-- Extracted material --
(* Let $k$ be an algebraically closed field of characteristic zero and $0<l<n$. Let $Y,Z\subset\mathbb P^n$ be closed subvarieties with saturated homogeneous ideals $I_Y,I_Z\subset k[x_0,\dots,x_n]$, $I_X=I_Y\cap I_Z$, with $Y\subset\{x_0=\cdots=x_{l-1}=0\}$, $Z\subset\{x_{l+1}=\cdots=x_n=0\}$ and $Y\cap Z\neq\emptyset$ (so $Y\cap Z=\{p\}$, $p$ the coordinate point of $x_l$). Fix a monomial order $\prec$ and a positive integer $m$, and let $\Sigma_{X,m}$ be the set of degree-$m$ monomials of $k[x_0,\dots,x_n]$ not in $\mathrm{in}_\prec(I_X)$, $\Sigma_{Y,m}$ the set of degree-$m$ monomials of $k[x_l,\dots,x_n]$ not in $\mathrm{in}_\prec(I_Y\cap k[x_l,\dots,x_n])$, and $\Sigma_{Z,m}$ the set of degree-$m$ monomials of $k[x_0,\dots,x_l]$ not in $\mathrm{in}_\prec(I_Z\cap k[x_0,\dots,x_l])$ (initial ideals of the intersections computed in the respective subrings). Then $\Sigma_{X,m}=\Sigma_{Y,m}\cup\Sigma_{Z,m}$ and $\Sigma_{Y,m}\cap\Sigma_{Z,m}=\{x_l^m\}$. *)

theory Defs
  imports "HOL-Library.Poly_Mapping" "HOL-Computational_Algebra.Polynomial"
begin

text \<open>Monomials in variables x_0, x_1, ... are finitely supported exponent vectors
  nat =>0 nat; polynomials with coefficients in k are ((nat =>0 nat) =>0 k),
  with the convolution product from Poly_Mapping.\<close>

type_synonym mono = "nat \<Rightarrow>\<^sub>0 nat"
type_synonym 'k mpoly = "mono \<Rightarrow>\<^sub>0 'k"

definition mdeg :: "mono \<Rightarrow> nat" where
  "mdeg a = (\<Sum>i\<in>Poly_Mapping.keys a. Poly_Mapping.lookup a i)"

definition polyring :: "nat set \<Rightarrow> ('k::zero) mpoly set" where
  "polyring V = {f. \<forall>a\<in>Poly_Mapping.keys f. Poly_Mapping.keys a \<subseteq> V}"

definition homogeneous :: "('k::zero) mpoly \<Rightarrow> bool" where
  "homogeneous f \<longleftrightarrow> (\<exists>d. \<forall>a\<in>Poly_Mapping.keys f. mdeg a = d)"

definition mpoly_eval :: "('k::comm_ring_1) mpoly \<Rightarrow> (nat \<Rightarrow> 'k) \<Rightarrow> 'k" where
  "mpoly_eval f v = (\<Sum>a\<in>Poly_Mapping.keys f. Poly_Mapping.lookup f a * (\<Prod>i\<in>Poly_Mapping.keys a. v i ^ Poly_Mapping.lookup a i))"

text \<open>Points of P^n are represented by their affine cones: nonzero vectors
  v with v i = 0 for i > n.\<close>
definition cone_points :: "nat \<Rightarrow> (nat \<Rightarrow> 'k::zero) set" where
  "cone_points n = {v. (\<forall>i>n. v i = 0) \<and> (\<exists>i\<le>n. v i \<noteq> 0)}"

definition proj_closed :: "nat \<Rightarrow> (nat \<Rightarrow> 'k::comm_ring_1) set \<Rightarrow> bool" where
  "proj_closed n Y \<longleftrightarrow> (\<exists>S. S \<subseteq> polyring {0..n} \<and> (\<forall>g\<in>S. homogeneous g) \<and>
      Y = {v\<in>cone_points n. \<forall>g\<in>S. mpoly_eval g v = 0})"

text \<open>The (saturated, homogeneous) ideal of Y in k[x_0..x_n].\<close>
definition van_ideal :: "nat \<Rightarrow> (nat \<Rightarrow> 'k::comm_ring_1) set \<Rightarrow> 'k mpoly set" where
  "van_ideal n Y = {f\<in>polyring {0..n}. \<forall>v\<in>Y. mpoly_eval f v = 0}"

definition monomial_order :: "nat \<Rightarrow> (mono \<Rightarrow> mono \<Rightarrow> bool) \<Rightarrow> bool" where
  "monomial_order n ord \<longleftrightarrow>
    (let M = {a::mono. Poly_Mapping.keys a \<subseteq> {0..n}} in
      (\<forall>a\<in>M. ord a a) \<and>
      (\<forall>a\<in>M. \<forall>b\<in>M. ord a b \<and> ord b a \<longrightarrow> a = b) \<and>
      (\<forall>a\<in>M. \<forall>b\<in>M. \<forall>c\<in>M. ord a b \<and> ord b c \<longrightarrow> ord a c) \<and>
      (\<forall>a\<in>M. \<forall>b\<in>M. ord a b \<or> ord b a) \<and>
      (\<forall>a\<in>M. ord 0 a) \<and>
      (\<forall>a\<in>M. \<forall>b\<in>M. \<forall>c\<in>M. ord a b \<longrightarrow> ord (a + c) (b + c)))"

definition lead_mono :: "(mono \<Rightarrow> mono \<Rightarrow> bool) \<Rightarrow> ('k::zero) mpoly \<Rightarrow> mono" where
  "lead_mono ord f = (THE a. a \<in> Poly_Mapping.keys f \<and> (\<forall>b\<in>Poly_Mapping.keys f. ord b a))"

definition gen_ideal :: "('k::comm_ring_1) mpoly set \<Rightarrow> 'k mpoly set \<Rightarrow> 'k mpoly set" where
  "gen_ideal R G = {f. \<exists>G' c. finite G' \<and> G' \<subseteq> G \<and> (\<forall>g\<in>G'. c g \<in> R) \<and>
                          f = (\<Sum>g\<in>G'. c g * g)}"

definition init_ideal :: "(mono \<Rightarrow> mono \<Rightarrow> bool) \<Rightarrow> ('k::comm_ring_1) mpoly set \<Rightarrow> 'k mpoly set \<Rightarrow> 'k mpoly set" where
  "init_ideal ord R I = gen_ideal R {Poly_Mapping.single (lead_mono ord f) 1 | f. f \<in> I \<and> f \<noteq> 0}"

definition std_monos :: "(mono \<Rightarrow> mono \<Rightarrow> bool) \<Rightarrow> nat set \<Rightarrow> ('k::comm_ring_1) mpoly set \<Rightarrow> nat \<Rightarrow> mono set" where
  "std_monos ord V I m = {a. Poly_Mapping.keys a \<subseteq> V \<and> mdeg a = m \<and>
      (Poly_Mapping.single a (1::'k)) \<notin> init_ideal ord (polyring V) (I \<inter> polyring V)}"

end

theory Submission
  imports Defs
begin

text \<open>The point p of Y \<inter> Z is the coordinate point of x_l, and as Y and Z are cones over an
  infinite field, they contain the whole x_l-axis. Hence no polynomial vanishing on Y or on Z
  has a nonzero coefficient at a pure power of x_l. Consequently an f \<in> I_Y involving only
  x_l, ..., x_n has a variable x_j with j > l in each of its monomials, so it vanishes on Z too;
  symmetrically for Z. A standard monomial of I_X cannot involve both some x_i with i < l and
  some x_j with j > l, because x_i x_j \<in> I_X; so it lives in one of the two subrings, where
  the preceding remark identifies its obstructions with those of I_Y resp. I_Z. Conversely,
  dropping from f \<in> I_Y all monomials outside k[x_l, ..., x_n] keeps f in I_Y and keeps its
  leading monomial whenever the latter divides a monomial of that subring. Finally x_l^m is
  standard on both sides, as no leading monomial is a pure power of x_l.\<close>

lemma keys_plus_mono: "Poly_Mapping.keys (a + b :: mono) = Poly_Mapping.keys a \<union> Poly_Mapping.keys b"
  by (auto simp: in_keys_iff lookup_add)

--

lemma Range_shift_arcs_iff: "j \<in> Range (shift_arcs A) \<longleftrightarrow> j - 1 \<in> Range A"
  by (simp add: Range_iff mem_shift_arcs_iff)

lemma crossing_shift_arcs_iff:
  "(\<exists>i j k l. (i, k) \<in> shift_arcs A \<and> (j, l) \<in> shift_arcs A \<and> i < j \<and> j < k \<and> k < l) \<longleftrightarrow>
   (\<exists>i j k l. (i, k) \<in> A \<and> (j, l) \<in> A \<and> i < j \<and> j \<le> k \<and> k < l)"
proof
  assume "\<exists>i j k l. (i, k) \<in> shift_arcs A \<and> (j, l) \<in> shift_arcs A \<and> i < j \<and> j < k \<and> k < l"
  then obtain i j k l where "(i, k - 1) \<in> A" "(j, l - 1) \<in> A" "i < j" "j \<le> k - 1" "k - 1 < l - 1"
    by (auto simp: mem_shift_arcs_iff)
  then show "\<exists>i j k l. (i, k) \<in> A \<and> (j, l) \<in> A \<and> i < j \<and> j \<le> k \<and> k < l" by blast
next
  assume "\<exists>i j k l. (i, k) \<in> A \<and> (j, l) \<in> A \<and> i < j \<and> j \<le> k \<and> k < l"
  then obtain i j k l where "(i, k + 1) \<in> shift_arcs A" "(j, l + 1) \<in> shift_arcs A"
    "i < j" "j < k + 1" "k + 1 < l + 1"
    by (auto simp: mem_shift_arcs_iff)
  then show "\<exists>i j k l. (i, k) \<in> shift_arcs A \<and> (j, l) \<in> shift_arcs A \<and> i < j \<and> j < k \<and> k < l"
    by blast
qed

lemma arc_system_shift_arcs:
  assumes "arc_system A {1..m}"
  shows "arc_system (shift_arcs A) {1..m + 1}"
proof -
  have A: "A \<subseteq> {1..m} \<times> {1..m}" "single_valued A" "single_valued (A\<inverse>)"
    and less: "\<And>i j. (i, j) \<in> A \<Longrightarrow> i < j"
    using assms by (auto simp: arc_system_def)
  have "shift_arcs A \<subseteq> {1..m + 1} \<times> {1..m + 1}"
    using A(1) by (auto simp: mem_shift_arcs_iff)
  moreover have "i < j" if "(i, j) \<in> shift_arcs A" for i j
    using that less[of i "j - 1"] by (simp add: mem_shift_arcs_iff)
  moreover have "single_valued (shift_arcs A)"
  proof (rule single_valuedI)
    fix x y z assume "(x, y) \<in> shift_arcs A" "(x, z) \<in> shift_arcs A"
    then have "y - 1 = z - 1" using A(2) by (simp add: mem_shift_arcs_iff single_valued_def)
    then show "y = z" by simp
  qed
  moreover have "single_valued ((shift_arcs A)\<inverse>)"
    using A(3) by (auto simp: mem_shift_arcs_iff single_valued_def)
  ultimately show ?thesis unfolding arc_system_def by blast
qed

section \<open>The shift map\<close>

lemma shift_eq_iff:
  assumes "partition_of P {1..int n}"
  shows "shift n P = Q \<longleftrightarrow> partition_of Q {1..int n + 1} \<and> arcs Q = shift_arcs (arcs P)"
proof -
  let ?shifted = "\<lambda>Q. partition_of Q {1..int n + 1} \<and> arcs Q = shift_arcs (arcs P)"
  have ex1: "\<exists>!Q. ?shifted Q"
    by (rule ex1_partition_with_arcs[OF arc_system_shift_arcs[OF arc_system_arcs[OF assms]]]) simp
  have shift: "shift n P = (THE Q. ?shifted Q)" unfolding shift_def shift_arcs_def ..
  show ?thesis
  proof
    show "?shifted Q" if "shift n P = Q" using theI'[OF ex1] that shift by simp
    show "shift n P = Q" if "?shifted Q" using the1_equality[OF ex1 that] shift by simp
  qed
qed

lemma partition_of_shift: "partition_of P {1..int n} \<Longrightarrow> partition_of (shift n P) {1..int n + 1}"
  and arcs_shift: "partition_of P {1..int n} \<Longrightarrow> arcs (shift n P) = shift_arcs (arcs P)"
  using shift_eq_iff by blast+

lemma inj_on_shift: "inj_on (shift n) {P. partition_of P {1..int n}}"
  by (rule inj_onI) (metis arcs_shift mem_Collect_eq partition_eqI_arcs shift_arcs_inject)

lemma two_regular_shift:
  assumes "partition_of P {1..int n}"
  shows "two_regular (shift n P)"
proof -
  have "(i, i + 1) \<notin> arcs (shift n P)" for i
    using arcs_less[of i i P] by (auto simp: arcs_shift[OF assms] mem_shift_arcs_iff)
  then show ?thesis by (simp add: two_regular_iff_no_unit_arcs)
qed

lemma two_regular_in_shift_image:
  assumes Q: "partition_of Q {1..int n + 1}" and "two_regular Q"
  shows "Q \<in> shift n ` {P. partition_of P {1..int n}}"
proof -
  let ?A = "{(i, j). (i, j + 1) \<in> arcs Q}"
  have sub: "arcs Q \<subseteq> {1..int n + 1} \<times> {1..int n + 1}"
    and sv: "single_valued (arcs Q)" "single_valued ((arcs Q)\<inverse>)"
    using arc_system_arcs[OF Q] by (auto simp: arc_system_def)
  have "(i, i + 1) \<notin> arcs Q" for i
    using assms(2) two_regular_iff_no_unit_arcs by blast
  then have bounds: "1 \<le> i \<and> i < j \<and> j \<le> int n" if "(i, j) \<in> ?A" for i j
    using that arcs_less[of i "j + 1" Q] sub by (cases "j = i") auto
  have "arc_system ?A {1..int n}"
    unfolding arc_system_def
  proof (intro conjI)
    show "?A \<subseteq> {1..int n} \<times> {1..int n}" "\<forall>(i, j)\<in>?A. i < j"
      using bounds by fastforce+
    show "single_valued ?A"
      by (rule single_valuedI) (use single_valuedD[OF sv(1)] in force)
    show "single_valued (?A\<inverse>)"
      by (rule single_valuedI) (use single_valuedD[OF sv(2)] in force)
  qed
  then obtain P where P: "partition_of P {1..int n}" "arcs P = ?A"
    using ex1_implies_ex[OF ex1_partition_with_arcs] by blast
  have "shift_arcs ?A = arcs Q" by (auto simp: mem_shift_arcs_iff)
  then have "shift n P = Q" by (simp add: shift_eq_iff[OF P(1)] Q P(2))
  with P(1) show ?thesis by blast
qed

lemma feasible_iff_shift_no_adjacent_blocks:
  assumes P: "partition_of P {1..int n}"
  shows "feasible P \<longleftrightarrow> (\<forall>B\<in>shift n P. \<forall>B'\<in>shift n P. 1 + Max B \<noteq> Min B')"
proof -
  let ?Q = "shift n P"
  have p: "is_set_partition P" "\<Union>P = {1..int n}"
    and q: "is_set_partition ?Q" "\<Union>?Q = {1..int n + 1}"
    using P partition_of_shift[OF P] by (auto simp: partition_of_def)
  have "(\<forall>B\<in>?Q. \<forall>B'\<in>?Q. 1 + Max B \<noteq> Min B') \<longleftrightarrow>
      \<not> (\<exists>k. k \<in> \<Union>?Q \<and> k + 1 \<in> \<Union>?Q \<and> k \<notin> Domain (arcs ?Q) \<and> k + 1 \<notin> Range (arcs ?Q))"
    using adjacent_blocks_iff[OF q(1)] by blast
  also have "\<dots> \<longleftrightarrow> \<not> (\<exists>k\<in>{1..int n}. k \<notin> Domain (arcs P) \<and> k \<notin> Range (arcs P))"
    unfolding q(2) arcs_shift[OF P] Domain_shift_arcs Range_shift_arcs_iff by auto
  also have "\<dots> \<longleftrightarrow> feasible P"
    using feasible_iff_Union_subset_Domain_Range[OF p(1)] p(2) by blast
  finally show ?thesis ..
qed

-- Work instruction --
Output the material above exactly, but only from the line that carries "1) \<in> arcs" through the line that carries "using arc_system_arcs[OF Q]".

-- Response --
  let ?A = "{(i, j). (i, j + 1) \<in> arcs Q}"
  have sub: "arcs Q \<subseteq> {1..int n + 1} \<times> {1..int n + 1}"
    and sv: "single_valued (arcs Q)" "single_valued ((arcs Q)\<inverse>)"
    using arc_system_arcs[OF Q] by (auto simp: arc_system_def)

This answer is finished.